(Source data)
════════════════
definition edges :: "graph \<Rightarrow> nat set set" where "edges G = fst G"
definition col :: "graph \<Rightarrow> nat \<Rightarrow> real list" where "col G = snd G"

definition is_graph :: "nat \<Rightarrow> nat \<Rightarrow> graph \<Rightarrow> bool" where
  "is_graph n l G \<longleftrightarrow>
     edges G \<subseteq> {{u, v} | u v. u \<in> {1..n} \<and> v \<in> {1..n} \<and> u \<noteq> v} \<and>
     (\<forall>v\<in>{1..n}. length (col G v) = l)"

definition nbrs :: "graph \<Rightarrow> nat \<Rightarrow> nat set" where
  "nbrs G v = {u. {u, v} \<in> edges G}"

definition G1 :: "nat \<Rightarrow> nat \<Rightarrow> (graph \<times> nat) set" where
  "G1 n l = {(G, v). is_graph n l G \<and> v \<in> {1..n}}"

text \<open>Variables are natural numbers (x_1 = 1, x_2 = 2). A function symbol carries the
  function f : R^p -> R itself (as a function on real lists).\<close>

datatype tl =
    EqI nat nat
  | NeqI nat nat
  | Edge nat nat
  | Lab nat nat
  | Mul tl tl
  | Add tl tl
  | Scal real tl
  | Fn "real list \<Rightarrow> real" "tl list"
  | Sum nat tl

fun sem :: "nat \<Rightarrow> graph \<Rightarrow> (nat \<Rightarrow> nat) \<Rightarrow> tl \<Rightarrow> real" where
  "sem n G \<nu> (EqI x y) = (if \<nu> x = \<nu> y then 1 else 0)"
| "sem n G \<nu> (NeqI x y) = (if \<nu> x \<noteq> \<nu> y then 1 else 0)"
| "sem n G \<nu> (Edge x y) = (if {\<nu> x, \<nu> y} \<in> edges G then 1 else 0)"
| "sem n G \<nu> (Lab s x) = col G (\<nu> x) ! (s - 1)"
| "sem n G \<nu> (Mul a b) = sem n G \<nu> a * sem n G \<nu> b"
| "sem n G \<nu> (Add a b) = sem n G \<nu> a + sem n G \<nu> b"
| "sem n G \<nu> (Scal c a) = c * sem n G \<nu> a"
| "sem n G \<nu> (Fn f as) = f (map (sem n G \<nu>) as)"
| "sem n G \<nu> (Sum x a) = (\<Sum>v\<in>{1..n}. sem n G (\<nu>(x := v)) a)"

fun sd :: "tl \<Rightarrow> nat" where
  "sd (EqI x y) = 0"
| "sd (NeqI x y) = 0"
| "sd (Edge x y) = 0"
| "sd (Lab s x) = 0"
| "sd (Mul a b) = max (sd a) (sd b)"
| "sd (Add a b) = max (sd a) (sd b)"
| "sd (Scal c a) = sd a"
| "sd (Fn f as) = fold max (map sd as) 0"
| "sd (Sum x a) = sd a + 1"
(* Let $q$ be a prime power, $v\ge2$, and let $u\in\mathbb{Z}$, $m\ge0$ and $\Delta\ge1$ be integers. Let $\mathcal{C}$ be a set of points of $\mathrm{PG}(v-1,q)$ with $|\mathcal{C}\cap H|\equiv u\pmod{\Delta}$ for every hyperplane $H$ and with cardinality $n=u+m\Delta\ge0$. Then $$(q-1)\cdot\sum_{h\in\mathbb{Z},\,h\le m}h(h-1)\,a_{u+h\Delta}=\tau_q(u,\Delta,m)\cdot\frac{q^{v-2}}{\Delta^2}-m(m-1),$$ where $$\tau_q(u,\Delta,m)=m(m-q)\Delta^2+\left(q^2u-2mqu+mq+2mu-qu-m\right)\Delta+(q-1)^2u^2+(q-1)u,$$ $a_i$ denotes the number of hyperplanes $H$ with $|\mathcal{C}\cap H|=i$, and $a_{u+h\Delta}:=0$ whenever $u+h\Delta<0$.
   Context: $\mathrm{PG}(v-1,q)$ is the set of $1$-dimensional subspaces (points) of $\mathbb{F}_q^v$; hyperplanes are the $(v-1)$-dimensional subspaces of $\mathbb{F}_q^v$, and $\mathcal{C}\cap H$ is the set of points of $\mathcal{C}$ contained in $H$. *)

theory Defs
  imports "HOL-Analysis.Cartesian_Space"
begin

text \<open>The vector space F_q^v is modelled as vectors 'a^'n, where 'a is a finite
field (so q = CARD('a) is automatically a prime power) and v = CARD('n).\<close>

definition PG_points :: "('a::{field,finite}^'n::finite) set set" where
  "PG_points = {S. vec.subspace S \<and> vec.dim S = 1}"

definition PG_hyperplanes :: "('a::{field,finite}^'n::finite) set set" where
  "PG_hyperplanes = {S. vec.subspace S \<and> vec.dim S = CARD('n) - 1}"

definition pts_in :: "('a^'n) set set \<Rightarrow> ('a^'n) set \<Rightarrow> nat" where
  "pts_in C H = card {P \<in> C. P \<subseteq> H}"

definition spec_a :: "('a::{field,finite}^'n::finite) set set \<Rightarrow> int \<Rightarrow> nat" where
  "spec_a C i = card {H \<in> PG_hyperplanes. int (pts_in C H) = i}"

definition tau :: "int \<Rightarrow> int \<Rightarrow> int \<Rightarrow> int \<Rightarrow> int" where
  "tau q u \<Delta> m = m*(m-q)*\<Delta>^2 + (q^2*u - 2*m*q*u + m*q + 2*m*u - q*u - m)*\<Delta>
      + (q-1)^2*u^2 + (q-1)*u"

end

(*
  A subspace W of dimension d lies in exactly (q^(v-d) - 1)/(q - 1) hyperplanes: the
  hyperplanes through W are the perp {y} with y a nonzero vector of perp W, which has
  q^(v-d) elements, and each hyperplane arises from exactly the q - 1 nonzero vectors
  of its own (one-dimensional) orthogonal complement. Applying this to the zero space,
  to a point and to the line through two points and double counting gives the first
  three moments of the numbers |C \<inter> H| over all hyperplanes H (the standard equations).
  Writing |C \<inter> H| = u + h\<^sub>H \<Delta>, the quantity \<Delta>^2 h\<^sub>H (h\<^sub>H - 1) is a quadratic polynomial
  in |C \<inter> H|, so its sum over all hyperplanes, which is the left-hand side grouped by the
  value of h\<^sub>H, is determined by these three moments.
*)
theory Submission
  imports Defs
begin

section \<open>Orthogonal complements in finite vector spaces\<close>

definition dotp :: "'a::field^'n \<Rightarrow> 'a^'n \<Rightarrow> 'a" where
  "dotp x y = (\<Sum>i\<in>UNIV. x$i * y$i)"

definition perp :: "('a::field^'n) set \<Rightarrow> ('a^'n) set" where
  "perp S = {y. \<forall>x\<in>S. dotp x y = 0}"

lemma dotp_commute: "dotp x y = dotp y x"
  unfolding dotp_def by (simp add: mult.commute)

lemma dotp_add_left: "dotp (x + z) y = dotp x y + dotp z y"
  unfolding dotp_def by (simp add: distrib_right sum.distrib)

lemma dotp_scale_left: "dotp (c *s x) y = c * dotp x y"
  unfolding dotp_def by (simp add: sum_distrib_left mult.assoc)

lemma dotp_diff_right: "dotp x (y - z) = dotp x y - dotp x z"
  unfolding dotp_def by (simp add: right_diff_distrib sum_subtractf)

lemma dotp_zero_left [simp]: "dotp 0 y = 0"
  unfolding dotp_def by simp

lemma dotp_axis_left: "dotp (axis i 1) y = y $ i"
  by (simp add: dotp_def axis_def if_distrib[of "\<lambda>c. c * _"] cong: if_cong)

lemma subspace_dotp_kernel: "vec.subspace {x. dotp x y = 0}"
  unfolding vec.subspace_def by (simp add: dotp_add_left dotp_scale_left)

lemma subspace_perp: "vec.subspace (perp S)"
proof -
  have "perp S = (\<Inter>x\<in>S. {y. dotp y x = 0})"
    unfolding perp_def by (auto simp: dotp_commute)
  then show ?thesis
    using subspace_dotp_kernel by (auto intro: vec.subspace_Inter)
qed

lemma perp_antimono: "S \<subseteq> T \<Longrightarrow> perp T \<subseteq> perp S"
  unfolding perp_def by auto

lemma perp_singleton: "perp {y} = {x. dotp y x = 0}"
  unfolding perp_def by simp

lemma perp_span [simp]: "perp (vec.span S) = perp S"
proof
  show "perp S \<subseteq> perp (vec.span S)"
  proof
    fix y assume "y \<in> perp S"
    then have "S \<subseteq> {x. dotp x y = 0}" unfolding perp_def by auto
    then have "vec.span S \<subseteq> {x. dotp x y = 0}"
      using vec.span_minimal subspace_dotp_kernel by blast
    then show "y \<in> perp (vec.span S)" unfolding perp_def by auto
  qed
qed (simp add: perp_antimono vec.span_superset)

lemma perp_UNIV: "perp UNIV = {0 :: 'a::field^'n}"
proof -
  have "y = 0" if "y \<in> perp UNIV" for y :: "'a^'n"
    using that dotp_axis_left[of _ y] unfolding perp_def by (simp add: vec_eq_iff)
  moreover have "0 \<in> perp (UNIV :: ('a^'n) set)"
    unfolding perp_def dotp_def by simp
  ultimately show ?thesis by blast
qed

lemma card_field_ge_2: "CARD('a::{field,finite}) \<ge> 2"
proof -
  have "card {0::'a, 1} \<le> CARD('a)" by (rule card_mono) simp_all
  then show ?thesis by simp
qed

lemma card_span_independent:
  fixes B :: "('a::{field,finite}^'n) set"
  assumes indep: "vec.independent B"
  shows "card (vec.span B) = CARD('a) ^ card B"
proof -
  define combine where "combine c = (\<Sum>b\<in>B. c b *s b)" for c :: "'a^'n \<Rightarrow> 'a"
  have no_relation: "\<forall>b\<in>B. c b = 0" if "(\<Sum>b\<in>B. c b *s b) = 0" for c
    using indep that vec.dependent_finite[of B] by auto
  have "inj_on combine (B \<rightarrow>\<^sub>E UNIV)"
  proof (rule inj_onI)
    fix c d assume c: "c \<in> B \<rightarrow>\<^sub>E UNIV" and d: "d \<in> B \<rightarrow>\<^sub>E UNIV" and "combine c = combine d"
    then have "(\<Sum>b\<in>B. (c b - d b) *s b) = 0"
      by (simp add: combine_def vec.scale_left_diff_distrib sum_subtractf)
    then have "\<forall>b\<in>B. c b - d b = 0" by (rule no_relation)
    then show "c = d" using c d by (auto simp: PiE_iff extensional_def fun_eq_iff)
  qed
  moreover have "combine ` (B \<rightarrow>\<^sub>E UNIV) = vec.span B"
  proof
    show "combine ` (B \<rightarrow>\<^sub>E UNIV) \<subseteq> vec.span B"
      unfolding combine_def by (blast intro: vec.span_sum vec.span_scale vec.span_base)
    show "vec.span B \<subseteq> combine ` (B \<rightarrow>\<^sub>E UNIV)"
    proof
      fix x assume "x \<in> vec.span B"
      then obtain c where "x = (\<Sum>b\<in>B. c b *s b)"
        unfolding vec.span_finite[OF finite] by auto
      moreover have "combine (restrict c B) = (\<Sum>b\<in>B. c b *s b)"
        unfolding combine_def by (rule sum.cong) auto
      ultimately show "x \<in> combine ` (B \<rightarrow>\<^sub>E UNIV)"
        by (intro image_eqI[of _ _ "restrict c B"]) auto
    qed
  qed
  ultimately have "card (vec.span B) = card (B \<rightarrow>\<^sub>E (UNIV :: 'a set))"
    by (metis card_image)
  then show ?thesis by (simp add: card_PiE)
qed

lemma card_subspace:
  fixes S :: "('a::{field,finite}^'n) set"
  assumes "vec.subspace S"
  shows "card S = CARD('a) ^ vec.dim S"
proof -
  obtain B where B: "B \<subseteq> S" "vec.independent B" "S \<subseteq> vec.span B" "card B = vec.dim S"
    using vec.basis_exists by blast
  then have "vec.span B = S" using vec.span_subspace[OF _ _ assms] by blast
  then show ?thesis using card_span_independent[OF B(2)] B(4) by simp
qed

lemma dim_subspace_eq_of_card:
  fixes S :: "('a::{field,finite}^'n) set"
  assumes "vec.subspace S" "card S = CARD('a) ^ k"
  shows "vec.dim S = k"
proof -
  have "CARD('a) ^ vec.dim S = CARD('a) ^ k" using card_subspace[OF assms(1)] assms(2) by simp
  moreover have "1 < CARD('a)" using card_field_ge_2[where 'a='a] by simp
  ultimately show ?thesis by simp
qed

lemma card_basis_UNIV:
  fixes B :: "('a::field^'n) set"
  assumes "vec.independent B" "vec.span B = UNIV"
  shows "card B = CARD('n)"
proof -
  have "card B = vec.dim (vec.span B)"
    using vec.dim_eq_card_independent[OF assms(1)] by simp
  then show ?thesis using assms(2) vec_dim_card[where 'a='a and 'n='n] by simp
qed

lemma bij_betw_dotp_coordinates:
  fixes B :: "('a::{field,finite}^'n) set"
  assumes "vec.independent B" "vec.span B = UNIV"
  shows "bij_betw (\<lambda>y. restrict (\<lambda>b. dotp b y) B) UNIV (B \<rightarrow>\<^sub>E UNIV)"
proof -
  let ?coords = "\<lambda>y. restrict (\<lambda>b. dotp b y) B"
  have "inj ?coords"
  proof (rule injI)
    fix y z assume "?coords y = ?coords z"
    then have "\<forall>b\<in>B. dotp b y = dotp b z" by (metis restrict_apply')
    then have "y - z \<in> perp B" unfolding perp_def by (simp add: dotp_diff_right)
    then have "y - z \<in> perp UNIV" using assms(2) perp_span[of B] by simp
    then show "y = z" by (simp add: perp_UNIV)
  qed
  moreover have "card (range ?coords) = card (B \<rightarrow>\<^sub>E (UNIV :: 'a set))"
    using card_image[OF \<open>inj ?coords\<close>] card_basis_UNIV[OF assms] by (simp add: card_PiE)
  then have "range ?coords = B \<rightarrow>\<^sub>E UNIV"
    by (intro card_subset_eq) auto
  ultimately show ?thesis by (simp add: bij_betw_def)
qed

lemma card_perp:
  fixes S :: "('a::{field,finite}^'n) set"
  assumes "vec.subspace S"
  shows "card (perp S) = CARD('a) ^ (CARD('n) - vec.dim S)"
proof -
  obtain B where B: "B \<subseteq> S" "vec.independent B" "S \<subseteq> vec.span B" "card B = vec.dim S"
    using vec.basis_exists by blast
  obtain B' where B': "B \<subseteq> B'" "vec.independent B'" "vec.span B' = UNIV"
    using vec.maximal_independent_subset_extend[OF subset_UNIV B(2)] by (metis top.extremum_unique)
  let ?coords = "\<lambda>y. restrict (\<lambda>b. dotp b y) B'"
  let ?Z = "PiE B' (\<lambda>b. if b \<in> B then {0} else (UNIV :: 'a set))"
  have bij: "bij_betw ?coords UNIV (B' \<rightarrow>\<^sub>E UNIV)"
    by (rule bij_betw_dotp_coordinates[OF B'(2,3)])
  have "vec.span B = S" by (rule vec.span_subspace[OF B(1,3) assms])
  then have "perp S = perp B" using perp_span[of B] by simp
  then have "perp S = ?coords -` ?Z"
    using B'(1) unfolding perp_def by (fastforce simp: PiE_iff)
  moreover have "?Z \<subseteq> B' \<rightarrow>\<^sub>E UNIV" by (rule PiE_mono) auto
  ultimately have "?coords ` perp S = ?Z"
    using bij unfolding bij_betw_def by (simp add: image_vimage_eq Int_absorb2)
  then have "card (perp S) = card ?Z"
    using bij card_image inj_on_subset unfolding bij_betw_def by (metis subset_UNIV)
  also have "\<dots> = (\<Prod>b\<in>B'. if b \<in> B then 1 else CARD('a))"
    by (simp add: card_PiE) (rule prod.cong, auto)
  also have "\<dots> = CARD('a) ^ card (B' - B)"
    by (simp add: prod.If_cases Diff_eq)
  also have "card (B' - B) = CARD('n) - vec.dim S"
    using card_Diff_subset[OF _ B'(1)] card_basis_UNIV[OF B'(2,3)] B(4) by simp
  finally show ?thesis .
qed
════════════════
• _Required action_: All lines above from the one containing "vec.span_subspace[OF B(1,3) assms])" to the one containing "by (simp add: prod.If_cases Diff_eq)" must be repeated exactly, both lines included, and no others.

• _Written response_:
  have "vec.span B = S" by (rule vec.span_subspace[OF B(1,3) assms])
  then have "perp S = perp B" using perp_span[of B] by simp
  then have "perp S = ?coords -` ?Z"
    using B'(1) unfolding perp_def by (fastforce simp: PiE_iff)
  moreover have "?Z \<subseteq> B' \<rightarrow>\<^sub>E UNIV" by (rule PiE_mono) auto
  ultimately have "?coords ` perp S = ?Z"
    using bij unfolding bij_betw_def by (simp add: image_vimage_eq Int_absorb2)
  then have "card (perp S) = card ?Z"
    using bij card_image inj_on_subset unfolding bij_betw_def by (metis subset_UNIV)
  also have "\<dots> = (\<Prod>b\<in>B'. if b \<in> B then 1 else CARD('a))"
    by (simp add: card_PiE) (rule prod.cong, auto)
  also have "\<dots> = CARD('a) ^ card (B' - B)"
    by (simp add: prod.If_cases Diff_eq)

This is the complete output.